Der französische Journalist Gabriel Chevallier verarbeitete seine eigenen Kriegserlebnisse in seinen 1930 erschienenen Kriegsmemoiren. Darin beschreibt er die Schanzarbeiten an einem Abschnitt der Vogesen-Front, an dem durch Artilleriefeuer die Schützengräben beider Seiten stark beschädigt waren. Das Niemandsland war hier an manchen Orten im bergigen Gelände nur wenige Dutzend Meter breit:

„Der Schützengraben, der schon fast eingeebnet ist, wird von einer Reihe schanzender Soldaten gesäumt, die ihre Gewehre neben sich abgestellt haben. In zwanzig Metern Entfernung hört man ebenfalls Spaten klappern, die gebeugten Soldaten sind gut zu erkennen. Dort arbeiten die Deutschen, dieser Frontabschnitt ist eine einzige Baustelle.“

Gabriel Chevallier: La Peur (1930)[19]

Ernst Jünger berichtete in der Ur-Version seiner Kriegstagebücher wiederholt davon, wie er das System Leben-und-leben-lassen „kennen und auch schätzen lernte“.[20] In den sieben späteren Editionen seines aus den Tagebüchern entstandenen Werks In Stahlgewittern entfernte Jünger solche Texte mit Beschreibungen von Ruhe, ja Gemütlichkeit einerseits und unbefangener Abenteuerlust andererseits, und entschied sich damit für die einseitige Darstellung eines Kriegserlebnisses von „eschatologisch überhöhten Kriegereliten“.[20]

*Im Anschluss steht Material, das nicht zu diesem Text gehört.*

lemma smooth_triple_sum_le:
  fixes f1 f2 f3 :: "int \<Rightarrow> real" and l1 l2 l3 U C :: real
  assumes L0: "L > 0" and P0: "P > 0" and U: "\<And>\<theta>. cmod (fourier_sum f1 N \<theta>) \<le> U"
    and S2: "fejer_energy L P N f2 l2 \<le> real N * C" and S3: "fejer_energy L P N f3 l3 \<le> real N * C"
  shows "\<bar>\<Sum>x\<in>{1..int N}. \<Sum>y\<in>{1..int N}. \<Sum>z\<in>{1..int N}.
            f1 x * f2 y * f3 z * smooth_box L P (l1 * of_int x + l2 * of_int y + l3 * of_int z)\<bar>
         \<le> 3 * U * real N * C"
proof -
  let ?B = "{1..int N}" and ?J = "central_block P"
  define M where "M j = (\<Sum>x\<in>?B. \<Sum>y\<in>?B. \<Sum>z\<in>?B.
    f1 x * f2 y * f3 z * fejer L P (l1 * of_int x + l2 * of_int y + l3 * of_int z - of_int j / real P))" for j
  have U0: "U \<ge> 0" using U[of 0] norm_ge_zero order_trans by blast
  have NC: "real N * C \<ge> 0" using fejer_energy_nonneg[OF L0 P0, of N f2 l2] S2 by linarith
  have M: "\<bar>M j\<bar> \<le> U * (real N * C)" for j
  proof -
    have "\<bar>M j\<bar> \<le> U / 2 * (fejer_energy L P N f2 l2 + fejer_energy L P N f3 l3)"
      unfolding M_def by (rule fejer_triple_sum_le[OF L0 P0 U])
    also have "\<dots> \<le> U / 2 * (real N * C + real N * C)" using S2 S3 U0 by (intro mult_left_mono add_mono) auto
    finally show ?thesis by (simp add: mult.commute)
  qed
  have "(\<Sum>x\<in>?B. \<Sum>y\<in>?B. \<Sum>z\<in>?B. f1 x * f2 y * f3 z * smooth_box L P (l1 * of_int x + l2 * of_int y + l3 * of_int z))
      = (1 / real P) * (\<Sum>j\<in>?J. M j)"
    unfolding smooth_box_def M_def sum_distrib_left sum_swap_3_1[where J = ?J] by (simp add: mult_ac)
  also have "\<bar>\<dots>\<bar> \<le> (1 / real P) * (\<Sum>j\<in>?J. U * (real N * C))"
    unfolding abs_mult using M by (intro mult_mono order_trans[OF sum_abs] sum_mono) auto
  also have "\<dots> = (real (card ?J) / real P) * (U * (real N * C))" by simp
  also have "\<dots> \<le> 3 * (U * (real N * C))"
  proof (rule mult_right_mono)
    have "real (card ?J) \<le> 3 * real P" using card_central_block_le[of P] P0 by linarith
    thus "real (card ?J) / real P \<le> 3" using P0 by (simp add: divide_le_eq)
  qed (use U0 NC in simp)
  finally show ?thesis by (simp add: mult_ac)
qed

definition energy_bound :: "real \<Rightarrow> nat \<Rightarrow> real" where
  "energy_bound \<beta> P = energy_const (1 - \<beta>) P + energy_const \<beta> P + energy_const (-1) P"

lemma energy_const_nonneg: "P > 0 \<Longrightarrow> energy_const q P \<ge> 0"
  unfolding energy_const_def by (intro add_nonneg_nonneg mult_nonneg_nonneg divide_nonneg_nonneg) auto

lemma fejer_energy_le_energy_bound:
  fixes \<beta> :: real and f :: "int \<Rightarrow> real"
  assumes P0: "P > 0" and \<beta>: "\<beta> \<noteq> 0" "\<beta> \<noteq> 1" and f: "\<And>y. y \<in> {1..int N} \<Longrightarrow> \<bar>f y\<bar> \<le> 1"
  shows "fejer_energy (fejer_period \<beta> N) P N f (1 - \<beta>) \<le> real N * energy_bound \<beta> P"
    "fejer_energy (fejer_period \<beta> N) P N f \<beta> \<le> real N * energy_bound \<beta> P"
    "fejer_energy (fejer_period \<beta> N) P N f (-1) \<le> real N * energy_bound \<beta> P"
proof -
  let ?L = "fejer_period \<beta> N"
  note L0 = fejer_period_pos[of \<beta> N]
  have L: "\<bar>q\<bar> * real N \<le> real ?L / 2" if "\<bar>q\<bar> \<le> \<bar>\<beta>\<bar> + 3" for q
  proof -
    have "\<bar>q\<bar> * real N \<le> (\<bar>\<beta>\<bar> + 3) * real N" using that by (intro mult_right_mono) auto
    thus ?thesis using fejer_period_ge[of \<beta> N] by linarith
  qed
  have LL: "\<bar>1 - \<beta>\<bar> * real N \<le> real ?L / 2" "\<bar>\<beta>\<bar> * real N \<le> real ?L / 2" "\<bar>-1\<bar> * real N \<le> real ?L / 2"
    by (rule L; auto simp: abs_if)+
  have C: "real N * energy_const q P \<le> real N * energy_bound \<beta> P" if "q \<in> {1 - \<beta>, \<beta>, -1}" for q
    using that energy_const_nonneg[OF P0] by (intro mult_left_mono) (auto simp: energy_bound_def)
  show "fejer_energy ?L P N f (1 - \<beta>) \<le> real N * energy_bound \<beta> P"
    using fejer_energy_le[OF L0 P0 _ LL(1) f] C \<beta> by fastforce
  show "fejer_energy ?L P N f \<beta> \<le> real N * energy_bound \<beta> P"
    using fejer_energy_le[OF L0 P0 _ LL(2) f] C \<beta> by fastforce
  show "fejer_energy ?L P N f (-1) \<le> real N * energy_bound \<beta> P"
    using fejer_energy_le[OF L0 P0 _ LL(3) f] C by fastforce
qed

lemma triple_sum_le:
  fixes g1 g2 g3 :: "int \<Rightarrow> real" and \<beta> \<delta> M :: real
  assumes "P > 0" "\<delta> > 0" "1 / real P \<le> \<delta>"
    and "\<And>y. y \<in> {1..int N} \<Longrightarrow> \<bar>g1 y\<bar> \<le> 1 \<and> \<bar>g2 y\<bar> \<le> 1 \<and> \<bar>g3 y\<bar> \<le> 1"
    and "\<bar>\<Sum>x\<in>{1..int N}. \<Sum>y\<in>{1..int N}. \<Sum>z\<in>{1..int N}.
           g1 x * g2 y * g3 z * smooth_box (fejer_period \<beta> N) P (offset \<beta> x y z)\<bar> \<le> M"
  shows "\<bar>triple_sum \<beta> N g1 g2 g3\<bar> \<le> (real N)^2 * (32 / (real P * \<delta>)) + 20 * real N * near_half_count \<beta> \<delta> N + M"
proof -
  let ?S = "\<lambda>h. \<Sum>x\<in>{1..int N}. \<Sum>y\<in>{1..int N}. \<Sum>z\<in>{1..int N}. g1 x * g2 y * g3 z * h x y z"
  have "triple_sum \<beta> N g1 g2 g3
      = ?S (\<lambda>x y z. smooth_box (fejer_period \<beta> N) P (offset \<beta> x y z))
        + ?S (\<lambda>x y z. box (offset \<beta> x y z) - smooth_box (fejer_period \<beta> N) P (offset \<beta> x y z))"
    unfolding triple_sum_def by (simp only: sum.distrib[symmetric]) (intro sum.cong refl, simp add: algebra_simps)
  moreover have "\<bar>?S (\<lambda>x y z. box (offset \<beta> x y z) - smooth_box (fejer_period \<beta> N) P (offset \<beta> x y z))\<bar>
      \<le> (real N)^2 * (32 / (real P * \<delta>)) + 20 * real N * near_half_count \<beta> \<delta> N"
    by (rule smoothing_error_le) (use assms in auto)
  ultimately show ?thesis using assms(5) by linarith
qed

text \<open>The balanced function may sit in any of the three positions: each position has a nonzero
  coefficient in the linear form \<open>offset \<beta> x y z = (1 - \<beta>) x + \<beta> y - z\<close>.\<close>
lemma triple_sum_balanced_le:
  fixes f g h :: "int \<Rightarrow> real" and \<beta> \<delta> U :: real
  assumes P0: "P > 0" and "\<delta> > 0" "1 / real P \<le> \<delta>" and \<beta>: "\<beta> \<noteq> 0" "\<beta> \<noteq> 1"
    and fb: "\<And>y. y \<in> {1..int N} \<Longrightarrow> \<bar>f y\<bar> \<le> 1"
    and gb: "\<And>y. y \<in> {1..int N} \<Longrightarrow> \<bar>g y\<bar> \<le> 1"
    and hb: "\<And>y. y \<in> {1..int N} \<Longrightarrow> \<bar>h y\<bar> \<le> 1"
    and U: "\<And>\<theta>. cmod (fourier_sum f N \<theta>) \<le> U"
  shows "\<bar>triple_sum \<beta> N f g h\<bar> \<le> (real N)^2 * (32 / (real P * \<delta>)) + 20 * real N * near_half_count \<beta> \<delta> N + 3 * U * real N * energy_bound \<beta> P"
    "\<bar>triple_sum \<beta> N g f h\<bar> \<le> (real N)^2 * (32 / (real P * \<delta>)) + 20 * real N * near_half_count \<beta> \<delta> N + 3 * U * real N * energy_bound \<beta> P"
    "\<bar>triple_sum \<beta> N g h f\<bar> \<le> (real N)^2 * (32 / (real P * \<delta>)) + 20 * real N * near_half_count \<beta> \<delta> N + 3 * U * real N * energy_bound \<beta> P"
proof -
  let ?L = "fejer_period \<beta> N" and ?B = "{1..int N}"
  let ?R = "(real N)^2 * (32 / (real P * \<delta>)) + 20 * real N * near_half_count \<beta> \<delta> N + 3 * U * real N * energy_bound \<beta> P"
  note L0 = fejer_period_pos[of \<beta> N]
  note E = fejer_energy_le_energy_bound[OF P0 \<beta>]
  note main = smooth_triple_sum_le[OF L0 P0 U]
  note le = triple_sum_le[OF P0 assms(2,3)]
  show "\<bar>triple_sum \<beta> N f g h\<bar> \<le> ?R"
  proof (rule le)
    have "(\<Sum>x\<in>?B. \<Sum>y\<in>?B. \<Sum>z\<in>?B. f x * g y * h z * smooth_box ?L P (offset \<beta> x y z))
       = (\<Sum>x\<in>?B. \<Sum>y\<in>?B. \<Sum>z\<in>?B. f x * g y * h z * smooth_box ?L P ((1 - \<beta>) * of_int x + \<beta> * of_int y + (-1) * of_int z))"
      by (simp add: algebra_simps)
    also have "\<bar>\<dots>\<bar> \<le> 3 * U * real N * energy_bound \<beta> P" by (rule main[OF E(2)[OF gb] E(3)[OF hb]])
    finally show "\<bar>\<Sum>x\<in>?B. \<Sum>y\<in>?B. \<Sum>z\<in>?B. f x * g y * h z * smooth_box ?L P (offset \<beta> x y z)\<bar> \<le> 3 * U * real N * energy_bound \<beta> P" .
  qed (use fb gb hb in blast)
  show "\<bar>triple_sum \<beta> N g f h\<bar> \<le> ?R"
  proof (rule le)
    have "(\<Sum>x\<in>?B. \<Sum>y\<in>?B. \<Sum>z\<in>?B. g x * f y * h z * smooth_box ?L P (offset \<beta> x y z))
       = (\<Sum>y\<in>?B. \<Sum>x\<in>?B. \<Sum>z\<in>?B. f y * g x * h z * smooth_box ?L P (\<beta> * of_int y + (1 - \<beta>) * of_int x + (-1) * of_int z))"
      by (subst sum.swap) (simp add: algebra_simps)
    also have "\<bar>\<dots>\<bar> \<le> 3 * U * real N * energy_bound \<beta> P" by (rule main[OF E(1)[OF gb] E(3)[OF hb]])
    finally show "\<bar>\<Sum>x\<in>?B. \<Sum>y\<in>?B. \<Sum>z\<in>?B. g x * f y * h z * smooth_box ?L P (offset \<beta> x y z)\<bar> \<le> 3 * U * real N * energy_bound \<beta> P" .
  qed (use fb gb hb in blast)
  show "\<bar>triple_sum \<beta> N g h f\<bar> \<le> ?R"
  proof (rule le)
    have "(\<Sum>x\<in>?B. \<Sum>y\<in>?B. \<Sum>z\<in>?B. g x * h y * f z * smooth_box ?L P (offset \<beta> x y z))
       = (\<Sum>z\<in>?B. \<Sum>x\<in>?B. \<Sum>y\<in>?B. f z * g x * h y * smooth_box ?L P ((-1) * of_int z + (1 - \<beta>) * of_int x + \<beta> * of_int y))"
      by (subst sum.swap, subst (2) sum.swap) (simp add: algebra_simps)
    also have "\<bar>\<dots>\<bar> \<le> 3 * U * real N * energy_bound \<beta> P" by (rule main[OF E(1)[OF gb] E(2)[OF hb]])
    finally show "\<bar>\<Sum>x\<in>?B. \<Sum>y\<in>?B. \<Sum>z\<in>?B. g x * h y * f z * smooth_box ?L P (offset \<beta> x y z)\<bar> \<le> 3 * U * real N * energy_bound \<beta> P" .
  qed (use fb gb hb in blast)
qed

lemma triple_sum_telescope:
  fixes a u :: "int \<Rightarrow> real" and \<alpha> :: real
  shows "triple_sum \<beta> N (\<lambda>n. a n - \<alpha> * u n) a a + \<alpha> * triple_sum \<beta> N u (\<lambda>n. a n - \<alpha> * u n) a
     + \<alpha>^2 * triple_sum \<beta> N u u (\<lambda>n. a n - \<alpha> * u n) = triple_sum \<beta> N a a a - \<alpha>^3 * triple_sum \<beta> N u u u"
  unfolding triple_sum_def
  by (simp only: sum_distrib_left sum.distrib[symmetric] sum_subtractf[symmetric])
     (intro sum.cong refl, simp add: algebra_simps power2_eq_square power3_eq_cube)

lemma dens_le_1:
  assumes "S \<subseteq> {1..int N}"
  shows "dens S N \<le> 1"
proof -
  have "card S \<le> card {1..int N}" by (intro card_mono assms) simp
  thus ?thesis by (simp add: dens_def divide_le_eq)
qed

lemma abs_balanced_le_1:
  assumes "S \<subseteq> {1..int N}"
  shows "\<bar>balanced S N n\<bar> \<le> 1"
  using dens_le_1[OF assms] by (simp add: balanced_def dens_def indicator_def)

lemma abs_add_scaled_le:
  fixes X Y Z \<alpha> :: real
  assumes "\<alpha> \<ge> 0"
  shows "\<bar>X + \<alpha> * Y + \<alpha>^2 * Z\<bar> \<le> \<bar>X\<bar> + \<alpha> * \<bar>Y\<bar> + \<alpha>^2 * \<bar>Z\<bar>"
proof -
  have "\<bar>X + \<alpha> * Y + \<alpha>^2 * Z\<bar> \<le> \<bar>X + \<alpha> * Y\<bar> + \<bar>\<alpha>^2 * Z\<bar>" by (rule abs_triangle_ineq)
  also have "\<bar>X + \<alpha> * Y\<bar> \<le> \<bar>X\<bar> + \<bar>\<alpha> * Y\<bar>" by (rule abs_triangle_ineq)
  finally show ?thesis using assms by (simp add: abs_mult)
qed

Darstellungen durch Historiker

Die wichtigste Untersuchung des Phänomens stammt von dem englischen Historiker Anthony E. (Tony) Ashworth, der das Thema anhand von Tagebüchern, Briefen und Zeugnissen von Kriegsveteranen der britischen Armee untersuchte und darüber erstmals 1968 veröffentlichte,[21] und bezog alle 57 britischen Divisionen in seine Untersuchung ein, die für mindestens drei Monate im Kampf gestanden hatten. Weiter führte er eine Anzahl von Hintergrund-Interviews mit Kriegsveteranen, beschränkte sich aber in seiner Auswertung auf zeitgenössische Schriftzeugnisse. Offizielle Unterlagen und Dienstvorschriften verwendete er nur insofern, als daraus Gegenmaßnahmen gegen das Prinzip Leben-und-leben-lassen ablesbar waren. Dieses Vorgehen erklärt sich daraus, dass man aus der Nichterwähnung von Fakten, die einen Offizier oder Stab im hierarchischen System der Armee in negatives Licht rücken würden, nicht auf die Abwesenheit der Fakten schließen kann. „Absence of proof is not proof of absence“, nur beschränkt sich in diesem Fall der Beweis auf privates Schriftgut. Ashworth stellte bei 56 der 57 untersuchten Divisionen das zumindest zeitweise Vorhandensein von informellen Waffenstillständen und oder die Aufrechterhaltung von Leben-und-leben-lassen fest.[22] In seinem Buch Trench warfare 1914–1918 fasst Ashworth 1980 zusammen, dass Leben-und-leben-lassen zur Kriegszeit unter britischen Soldaten und Offizieren mit Fronterfahrung allgemein bekannt war. Am häufigsten trat das System auf, wenn eine Einheit aus dem Kampf zurückgezogen wurde und an einem ruhigen Frontabschnitt eingesetzt war. Insgesamt und über die Kriegszeit gemittelt machten ruhige Frontabschnitte („cushy sectors“) ungefähr ein Drittel der von britischen Truppen gehaltenen Frontlänge aus.[23]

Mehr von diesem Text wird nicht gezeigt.